The chair and the corner to think?

Boy in the chair thinking

I'm sure almost every mother has heard of the famous "thinking chair" or the "thinking corner." Some schools use it in their classrooms and many parents at home as a "Alternative to punishment". Actually this resource is a modern version of behaviorist 'time out' (time out).

Punished to the thinking chair!

It consists of sending the child to sit alone in a chair when the adult considers that he has behaved badly. The time that the child has to remain seated in that chair depends on his age, one minute per year. During that period of time you have to be calm and think about what you have done wrong. Then he is asked what have you thought.

What is the thinking corner?

The thinking corner is a very similar method to the thinking chair. It is about sending the child who has misbehaved to a specific room or corner of the house to be there alone for a while thinking if what he has done is correct.

Little girl in the corner thinking

Reflections on the use of the chair or the thinking corner

When we send our child to the chair or to the corner to think, what we are really expecting from him is that think about your behavior. For this reason, it is essential to take into account the age of the child. Children under the age of four do not have the ability to reflect on their own behaviors or to curb their impulsiveness. In times of conflict they need the presence of the adult.

The really thinking chair pushes the child away and ignores him for a while.
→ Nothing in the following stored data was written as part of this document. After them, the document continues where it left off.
(* Consider the protocol $P_{RL}$ with parameter $N$ on a directed ring of size $n$ with $2\le n\le N$. Let $C_0\in\mathcal{C}_{NI}$ (defined in the context). Then no new leader is created in any execution starting from $C_0$: for every configuration $D$ reachable from $C_0$ and every $D'$ with $D\to D'$, every agent with $\mathit{leader}=0$ in $D$ has $\mathit{leader}=0$ in $D'$.
   Context: Model. A population is a directed ring of $n\ge 2$ anonymous agents $u_0,\dots,u_{n-1}$ (indices modulo $n$) with arcs $e_i=(u_i,u_{i+1})$. A configuration $C$ assigns a state to each agent; $C\to C'$ means that $C'$ is obtained from $C$ by one interaction on some arc $e_i$, in which initiator $u_i$ and responder $u_{i+1}$ update their states by the transition function and all other agents keep their states. A configuration is reachable from $C$ if it is obtained from $C$ by finitely many (possibly zero) such steps. Protocol $P_{RL}$ (parameter $N$). Each agent has variables $\mathit{leader}\in\{0,1\}$, $\mathit{bullet}\in\{0,1,2\}$, $\mathit{shield}\in\{0,1\}$, $\mathit{signal}\in\{0,1\}$, $\mathit{dist}\in\{0,\dots,N\}$. In an interaction with initiator $l$ and responder $r$ the following are executed in order: 1. If $l.\mathit{leader}=1$ then $l.\mathit{dist}\gets 0$. 2. If $r.\mathit{leader}=1$ then $r.\mathit{dist}\gets 0$; else if $r.\mathit{bullet}=0$ then $r.\mathit{dist}\gets\min(l.\mathit{dist}+1,N)$. 3. If $r.\mathit{dist}=N$ then $r.\mathit{leader}\gets1$, $r.\mathit{bullet}\gets2$, $r.\mathit{shield}\gets1$, $r.\mathit{signal}\gets0$, $r.\mathit{dist}\gets0$. 4. If $l.\mathit{leader}=1$ and $l.\mathit{signal}=1$ then $l.\mathit{bullet}\gets2$, $l.\mathit{shield}\gets1$, $l.\mathit{signal}\gets0$. 5. If $r.\mathit{leader}=1$ and $r.\mathit{signal}=1$ then $r.\mathit{bullet}\gets1$, $r.\mathit{shield}\gets0$, $r.\mathit{signal}\gets0$. 6. If $l.\mathit{bullet}>0$ and $r.\mathit{leader}=1$: set $r.\mathit{leader}\gets0$ if ($l.\mathit{bullet}=2$ and $r.\mathit{shield}=0$); then $l.\mathit{bullet}\gets0$. Else, if $l.\mathit{bullet}>0$ and $r.\mathit{leader}=0$: if $r.\mathit{bullet}=0$ then $r.\mathit{bullet}\gets l.\mathit{bullet}$; then $l.\mathit{bullet}\gets0$ and $r.\mathit{signal}\gets0$. 7. $l.\mathit{signal}\gets\max(l.\mathit{signal},r.\mathit{signal},r.\mathit{leader})$. An agent is a leader if $\mathit{leader}=1$ and a follower otherwise. Definitions (in a configuration with at least one leader). $\mathrm{dist}_L(i)=\min\{j\ge0: u_{i-j}.\mathit{leader}=1\}$ and $\mathrm{dist}_R(i)=\min\{j\ge0: u_{i+j}.\mathit{leader}=1\}$. $\mathrm{peaceful}(i)$ holds iff $u_{i-\mathrm{dist}_L(i)}.\mathit{shield}=1$ and $u_{i-j}.\mathit{signal}=0$ for all $0\le j\le\mathrm{dist}_L(i)$. $\mathrm{modest}(i)$ holds iff $\mathrm{peaceful}(i)$ holds and $u_{i-j}.\mathit{dist}\le\mathrm{dist}_L(i-j)$ for all $0\le j\le\mathrm{dist}_L(i)$. $\mathrm{secure}(i)$ holds iff $u_i.\mathit{dist}=0$ when $u_i.\mathit{leader}=1$, and $u_i.\mathit{dist}\le N-\mathrm{dist}_R(i)$ when $u_i.\mathit{leader}=0$. $\mathcal{C}_{PB}$ is the set of configurations with at least one leader in which every $u_j$ with $u_j.\mathit{bullet}=2$ satisfies $\mathrm{peaceful}(j)$. $\mathcal{C}_{NI}$ is the set of configurations in $\mathcal{C}_{PB}$ in which every agent $u_i$ satisfies $\mathrm{secure}(i)$ and every $u_j$ with $u_j.\mathit{bullet}=2$ satisfies $\mathrm{modest}(j)$. *)

theory Defs
  imports Main
begin

record agent =
  leader :: nat
  bullet :: nat
  shield :: nat
  signal :: nat
  dist   :: nat

definition valid_state :: "nat \<Rightarrow> agent \<Rightarrow> bool" where
  "valid_state N s \<longleftrightarrow> leader s \<le> 1 \<and> bullet s \<le> 2 \<and> shield s \<le> 1 \<and> signal s \<le> 1 \<and> dist s \<le> N"

text \<open>Transition function: initiator l, responder r; steps 1--7 executed in order.\<close>

definition prl_trans :: "nat \<Rightarrow> agent \<Rightarrow> agent \<Rightarrow> agent \<times> agent" where
  "prl_trans N l r = (let
     l1 = (if leader l = 1 then l\<lparr>dist := 0\<rparr> else l);
     r1 = (if leader r = 1 then r\<lparr>dist := 0\<rparr>
           else if bullet r = 0 then r\<lparr>dist := min (dist l1 + 1) N\<rparr> else r);
     r2 = (if dist r1 = N
           then r1\<lparr>leader := 1, bullet := 2, shield := 1, signal := 0, dist := 0\<rparr> else r1);
     l2 = (if leader l1 = 1 \<and> signal l1 = 1
           then l1\<lparr>bullet := 2, shield := 1, signal := 0\<rparr> else l1);
     r3 = (if leader r2 = 1 \<and> signal r2 = 1
           then r2\<lparr>bullet := 1, shield := 0, signal := 0\<rparr> else r2);
     lr = (if 0 < bullet l2 \<and> leader r3 = 1 then
             (l2\<lparr>bullet := 0\<rparr>,
              if bullet l2 = 2 \<and> shield r3 = 0 then r3\<lparr>leader := 0\<rparr> else r3)
           else if 0 < bullet l2 \<and> leader r3 = 0 then
             (l2\<lparr>bullet := 0\<rparr>,
              (if bullet r3 = 0 then r3\<lparr>bullet := bullet l2\<rparr> else r3)\<lparr>signal := 0\<rparr>)
           else (l2, r3));
     l3 = fst lr; r4 = snd lr;
     l4 = l3\<lparr>signal := max (signal l3) (max (signal r4) (leader r4))\<rparr>
   in (l4, r4))"

text \<open>Configurations on a directed ring of n agents u_0..u_{n-1}: C i is the state of u_i
  for i < n (values at i >= n are irrelevant).\<close>

type_synonym config = "nat \<Rightarrow> agent"

definition valid_config :: "nat \<Rightarrow> nat \<Rightarrow> config \<Rightarrow> bool" where
  "valid_config n N C \<longleftrightarrow> (\<forall>i<n. valid_state N (C i))"

definition step :: "nat \<Rightarrow> nat \<Rightarrow> config \<Rightarrow> config \<Rightarrow> bool" where
  "step n N C C' \<longleftrightarrow> (\<exists>i<n.
     C' = (C(i := fst (prl_trans N (C i) (C (Suc i mod n))),
             Suc i mod n := snd (prl_trans N (C i) (C (Suc i mod n))))))"

definition reachable :: "nat \<Rightarrow> nat \<Rightarrow> config \<Rightarrow> config \<Rightarrow> bool" where
  "reachable n N C D \<longleftrightarrow> (step n N)\<^sup>*\<^sup>* C D"

definition ag :: "nat \<Rightarrow> config \<Rightarrow> int \<Rightarrow> agent" where
  "ag n C k = C (nat (k mod int n))"

definition distL :: "nat \<Rightarrow> config \<Rightarrow> int \<Rightarrow> nat" where
  "distL n C i = (LEAST j::nat. leader (ag n C (i - int j)) = 1)"

definition distR :: "nat \<Rightarrow> config \<Rightarrow> int \<Rightarrow> nat" where
  "distR n C i = (LEAST j::nat. leader (ag n C (i + int j)) = 1)"

definition peaceful :: "nat \<Rightarrow> config \<Rightarrow> int \<Rightarrow> bool" where
  "peaceful n C i \<longleftrightarrow>
     shield (ag n C (i - int (distL n C i))) = 1 \<and>
     (\<forall>j\<le>distL n C i. signal (ag n C (i - int j)) = 0)"

definition modest :: "nat \<Rightarrow> config \<Rightarrow> int \<Rightarrow> bool" where
  "modest n C i \<longleftrightarrow> peaceful n C i \<and>
     (\<forall>j\<le>distL n C i. dist (ag n C (i - int j)) \<le> distL n C (i - int j))"

definition secure :: "nat \<Rightarrow> nat \<Rightarrow> config \<Rightarrow> int \<Rightarrow> bool" where
  "secure n N C i \<longleftrightarrow>
     (leader (ag n C i) = 1 \<longrightarrow> dist (ag n C i) = 0) \<and>
     (leader (ag n C i) = 0 \<longrightarrow> int (dist (ag n C i)) \<le> int N - int (distR n C i))"

definition C_PB :: "nat \<Rightarrow> config \<Rightarrow> bool" where
  "C_PB n C \<longleftrightarrow> (\<exists>i<n. leader (C i) = 1) \<and>
     (\<forall>j<n. bullet (C j) = 2 \<longrightarrow> peaceful n C (int j))"

definition C_NI :: "nat \<Rightarrow> nat \<Rightarrow> config \<Rightarrow> bool" where
  "C_NI n N C \<longleftrightarrow> C_PB n C \<and> (\<forall>i<n. secure n N C (int i)) \<and>
     (\<forall>j<n. bullet (C j) = 2 \<longrightarrow> modest n C (int j))"

end

theory Submission
  imports Defs
begin

text \<open>An interaction creates a leader only in step 3, when the responder's dist reaches N.
  If every agent is secure this cannot happen: a follower's dist is at most N minus its
  distance to the next leader on the right, which is positive for the responder and one larger
  for the initiator. It therefore suffices that the invariant "all states valid, some leader,
  every agent secure, every bullet 2 modest" is preserved by each interaction. The decisive
  case is a leader shot by a bullet 2: that bullet is modest, so the segment behind it,
  including the leader that fired it, is left intact. Hence some leader survives, a follower
  whose next leader was shot is bounded by its distance to the surviving leader, and modesty
  travels with the bullet when it moves on to the responder.\<close>

section \<open>The transition function in seven steps\<close>

definition prl_step1 :: "agent \<Rightarrow> agent" where
  "prl_step1 l = (if leader l = 1 then l\<lparr>dist := 0\<rparr> else l)"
This resource does not provide the child with any tools that allow them to know how to manage that conflict. What the child understands is that if he does not do what we want, he will be rejected.
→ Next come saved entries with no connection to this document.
lemma finite_subset_word_ball:
  assumes "S \<subseteq> carrier G" "finite A" "A \<subseteq> generate G S"
  shows "\<exists>L. A \<subseteq> word_ball G S L"
  using assms(2,3)
proof (induction A rule: finite_induct)
  case (insert a A)
  obtain L where L: "A \<subseteq> word_ball G S L" using insert.IH insert.prems by auto
  obtain n where n: "a \<in> word_ball G S n"
    using generate_imp_in_word_ball[OF assms(1)] insert.prems by auto
  have "insert a A \<subseteq> word_ball G S (max L n)"
    using L n word_ball_mono[of L "max L n" G S] word_ball_mono[of n "max L n" G S] by auto
  then show ?case ..
qed simp

lemma word_ball_subgroup_subset:
  assumes "subgroup H G" "T \<subseteq> H" "S \<subseteq> carrier G" "T \<union> (\<lambda>t. inv t) ` T \<subseteq> word_ball G S L"
  shows "word_ball (G\<lparr>carrier := H\<rparr>) T n \<subseteq> word_ball G S (L * n)"
proof (induction n)
  case (Suc n)
  have inv_H: "inv\<^bsub>G\<lparr>carrier := H\<rparr>\<^esub> t = inv t" if "t \<in> T" for t
    using m_inv_consistent[OF assms(1)] that assms(2) by blast
  show ?case
  proof
    fix z assume "z \<in> word_ball (G\<lparr>carrier := H\<rparr>) T (Suc n)"
    then consider "z \<in> word_ball (G\<lparr>carrier := H\<rparr>) T n"
      | s x where "z = s \<otimes> x" "s \<in> T \<union> (\<lambda>t. inv t) ` T" "x \<in> word_ball (G\<lparr>carrier := H\<rparr>) T n"
      using inv_H by auto
    then show "z \<in> word_ball G S (L * Suc n)"
    proof cases
      case 1
      then show ?thesis using Suc word_ball_mono[of "L * n" "L * Suc n" G S] by auto
    next
      case 2
      then have "s \<otimes> x \<in> word_ball G S (L + L * n)"
        using word_ball_mult[OF assms(3)] assms(4) Suc by blast
      then show ?thesis using 2(1) by simp
    qed
  qed
qed simp

lemma subgroup_conj_class_subset:
  assumes "subgroup H G" "y \<in> H"
  shows "conj_class (G\<lparr>carrier := H\<rparr>) y \<subseteq> conj_class G y"
  using m_inv_consistent[OF assms(1)] subgroup.subset[OF assms(1)]
  unfolding conj_class_def by force

lemma finite_conj_classes_meeting:
  assumes "finite A"
  shows "finite {D \<in> conj_classes G. D \<inter> A \<noteq> {}}"
proof (rule finite_subset)
  show "{D \<in> conj_classes G. D \<inter> A \<noteq> {}} \<subseteq> conj_class G ` A"
  proof
    fix D assume "D \<in> {D \<in> conj_classes G. D \<inter> A \<noteq> {}}"
    then obtain a x where "a \<in> carrier G" "D = conj_class G a" "x \<in> D" "x \<in> A"
      unfolding conj_classes_def by blast
    then show "D \<in> conj_class G ` A" using conj_class_eq by blast
  qed
qed (use assms in blast)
Some professionals see these two resources as one form of punishment disguised as "respect" that it can generate in children resentment and fear.
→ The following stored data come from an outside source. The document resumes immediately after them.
lemma std_monomials_on_restrict:
  assumes "finite V" "U \<subseteq> V"
  shows "{m \<in> std_monomials_on V E d. \<forall>u\<in>V - U. m u = 0} = std_monomials_on U E d"
proof (intro set_eqI iffI)
  fix m
  assume "m \<in> {m \<in> std_monomials_on V E d. \<forall>u\<in>V - U. m u = 0}"
  then have m: "\<forall>i. i \<notin> V \<longrightarrow> m i = 0" "sum m V = d"
      "\<forall>i\<in>V. \<forall>j\<in>V. E i j \<longrightarrow> m i = 0 \<or> m j = 0" "\<forall>u\<in>V - U. m u = 0"
    by (simp_all add: std_monomials_on_def)
  have "\<forall>i. i \<notin> U \<longrightarrow> m i = 0"
    using m(1,4) by (metis DiffI)
  moreover have "\<forall>i\<in>U. \<forall>j\<in>U. E i j \<longrightarrow> m i = 0 \<or> m j = 0"
    using m(3) assms(2) by (simp add: subset_iff)
  ultimately show "m \<in> std_monomials_on U E d"
    using m(2) sum.mono_neutral_left[OF assms, of m] m(4) unfolding std_monomials_on_def by simp
next
  fix m
  assume "m \<in> std_monomials_on U E d"
  then have m: "\<forall>i. i \<notin> U \<longrightarrow> m i = 0" "sum m U = d"
      "\<forall>i\<in>U. \<forall>j\<in>U. E i j \<longrightarrow> m i = 0 \<or> m j = 0"
    by (simp_all add: std_monomials_on_def)
  have "\<forall>i. i \<notin> V \<longrightarrow> m i = 0" "\<forall>u\<in>V - U. m u = 0"
    using m(1) assms(2) by auto
  moreover have "\<forall>i\<in>V. \<forall>j\<in>V. E i j \<longrightarrow> m i = 0 \<or> m j = 0"
    using m(1,3) by metis
  ultimately show "m \<in> {m \<in> std_monomials_on V E d. \<forall>u\<in>V - U. m u = 0}"
    using m(2) sum.mono_neutral_left[OF assms, of m] unfolding std_monomials_on_def by simp
qed

lemma std_monomials_on_neighbour_zero:
  assumes "m \<in> std_monomials_on V E d" "v \<in> V" "0 < m v" "u \<in> V" "E u v \<or> E v u"
  shows "m u = 0"
  using assms unfolding std_monomials_on_def by fastforce

lemma card_std_monomials_on_div_var:
  assumes "finite V" "v \<in> V" "\<not> E v v"
  shows "card {m \<in> std_monomials_on V E (Suc d). 0 < m v} =
         card {m \<in> std_monomials_on V E d. \<forall>u\<in>V. E u v \<or> E v u \<longrightarrow> m u = 0}"
    (is "card ?A = card ?B")
proof (rule bij_betw_same_card[of "\<lambda>m. m(v := m v - 1)"],
       rule bij_betw_byWitness[where f' = "\<lambda>m. m(v := Suc (m v))"])
  have sum_upd: "sum (m(v := y)) V = y + sum m (V - {v})" for m :: "'a \<Rightarrow> nat" and y
    using sum.remove[OF assms(1,2), of "m(v := y)"] by simp
  have sum_eq: "sum m V = m v + sum m (V - {v})" for m :: "'a \<Rightarrow> nat"
    using sum.remove[OF assms(1,2)] .
  show "(\<lambda>m. m(v := m v - 1)) ` ?A \<subseteq> ?B"
  proof (rule image_subsetI)
    fix m assume "m \<in> ?A"
    then have m: "m \<in> std_monomials_on V E (Suc d)" "0 < m v" by auto
    have nbr: "\<forall>u\<in>V. E u v \<or> E v u \<longrightarrow> m u = 0"
      using std_monomials_on_neighbour_zero[OF m(1) assms(2) m(2)] by blast
    have "sum (m(v := m v - 1)) V = d"
      using m unfolding std_monomials_on_def sum_upd by (simp add: sum_eq)
    with m(1) nbr assms(3) show "m(v := m v - 1) \<in> ?B"
      unfolding std_monomials_on_def by auto
  qed
  show "(\<lambda>m. m(v := Suc (m v))) ` ?B \<subseteq> ?A"
  proof (rule image_subsetI)
    fix m assume "m \<in> ?B"
    then have m: "m \<in> std_monomials_on V E d" "\<forall>u\<in>V. E u v \<or> E v u \<longrightarrow> m u = 0" by auto
    have "(m(v := Suc (m v))) i = 0 \<or> (m(v := Suc (m v))) j = 0" if "i \<in> V" "j \<in> V" "E i j" for i j
      using m that assms(3) unfolding std_monomials_on_def by (cases "i = v"; cases "j = v") auto
    moreover have "sum (m(v := Suc (m v))) V = Suc d"
      using m unfolding std_monomials_on_def sum_upd by (simp add: sum_eq)
    ultimately show "m(v := Suc (m v)) \<in> ?A"
      using m(1) assms(2) unfolding std_monomials_on_def by auto
  qed
qed auto

lemma hilbert_series_on_vertex_recurrence:
  assumes "finite V" "v \<in> V" "\<not> E v v"
  defines "N \<equiv> insert v {u\<in>V. E u v \<or> E v u}"
  shows "(1 - fps_X) * hilbert_series_on V E =
         (1 - fps_X) * hilbert_series_on (V - {v}) E + fps_X * hilbert_series_on (V - N) E"
proof -
  let ?S = "std_monomials_on V E"
  define B where "B d = card {m \<in> ?S d. 0 < m v}" for d
  have card_split: "card (?S d) = card {m \<in> ?S d. P m} + card {m \<in> ?S d. \<not> P m}" for d P
    using card_Int_Diff[OF finite_std_monomials_on[OF assms(1)], of E d "Collect P"]
    by (simp add: Int_def set_diff_eq)
  have "{m \<in> ?S d. m v = 0} = std_monomials_on (V - {v}) E d" for d
    using std_monomials_on_restrict[OF assms(1), of "V - {v}"] assms(2) by auto
  then have card_delete: "card (?S d) = card (std_monomials_on (V - {v}) E d) + B d" for d
    using card_split[of d "\<lambda>m. m v = 0"] by (simp add: B_def)
  have B_0: "B 0 = 0"
    using assms(1,2) by (auto simp: B_def std_monomials_on_def card_eq_0_iff)
  have restrict_N: "{m \<in> ?S d. \<forall>u\<in>N. m u = 0} = std_monomials_on (V - N) E d" for d
    using std_monomials_on_restrict[OF assms(1), of "V - N"] assms(2) by (auto simp: N_def)
  have split_nbrs: "{m \<in> ?S d. \<forall>u\<in>V. E u v \<or> E v u \<longrightarrow> m u = 0} =
      {m \<in> ?S d. 0 < m v} \<union> {m \<in> ?S d. \<forall>u\<in>N. m u = 0}" for d
    using std_monomials_on_neighbour_zero[of _ V E d v] assms(2) by (auto simp: N_def)
  have B_Suc: "B (Suc d) = B d + card (std_monomials_on (V - N) E d)" for d
  proof -
    have "B (Suc d) = card ({m \<in> ?S d. 0 < m v} \<union> {m \<in> ?S d. \<forall>u\<in>N. m u = 0})"
      unfolding B_def split_nbrs[symmetric] using card_std_monomials_on_div_var[of V v E d, OF assms(1-3)] .
    also have "\<dots> = B d + card {m \<in> ?S d. \<forall>u\<in>N. m u = 0}"
      unfolding B_def
      by (rule card_Un_disjoint) (auto simp: N_def finite_std_monomials_on[OF assms(1)])
    finally show ?thesis
      unfolding restrict_N .
  qed
  define Bf where "Bf = Abs_fps (\<lambda>d. int (B d))"
  have "hilbert_series_on V E = hilbert_series_on (V - {v}) E + Bf"
    by (rule fps_ext) (simp add: hilbert_series_on_def Bf_def card_delete)
  moreover have "Bf = fps_X * Bf + fps_X * hilbert_series_on (V - N) E"
  proof (rule fps_ext)
    fix d show "fps_nth Bf d = fps_nth (fps_X * Bf + fps_X * hilbert_series_on (V - N) E) d"
      by (cases d) (simp_all add: Bf_def B_0 B_Suc hilbert_series_on_def)
  qed
  ultimately show ?thesis
    by (simp add: algebra_simps)
qed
Mother scolding her daughter

Alternative strategies based on emotional intelligence

  • What the child needs first is calm down. For this we will be at your level. If he is very upset, we can hug him or hold him. We will always speak to you in a soft and calm tone while looking into your eyes. Even if we feel angry, it is very important not lose your nerves and transmit security you need at that time.
  • Teach your children, especially the little ones, simple breathing and relaxation techniques. In these times of stress they will help you control yourself.
  • Help him to know how he feels and to name that emotion (anger, sadness, rage). If your child learns to identify your emotions, you will learn to control them much better. We must show empathy. Let them see that we understand their feelings (I know how you feel at this moment ..., I understand that right now you are very angry ...)
  • Explain short and clear what has happened and its consecuencias. Let him know that you are not satisfied, that he understands that his behavior not adequate or acceptable. (You have scratched Juan to take the ball from him and he is crying because you have hurt him. Look how he cries. It is not okay to scratch children. I am angry).
  • Show her alternative ways to manage that conflictIn other words, how could he have acted in the face of this situation in another way. Instead of scratching Juan to get the ball away from him, what could you have done? (He could have borrowed it, asked if he wanted to play with him, or looked for another ball).
  • Whenever possible there will be repair the damage done. For example, if you have thrown your brother's toys on the ground, you will have to pick them up and put them away.
  • If repair is not possible, you can look together for a way to reward the damage done.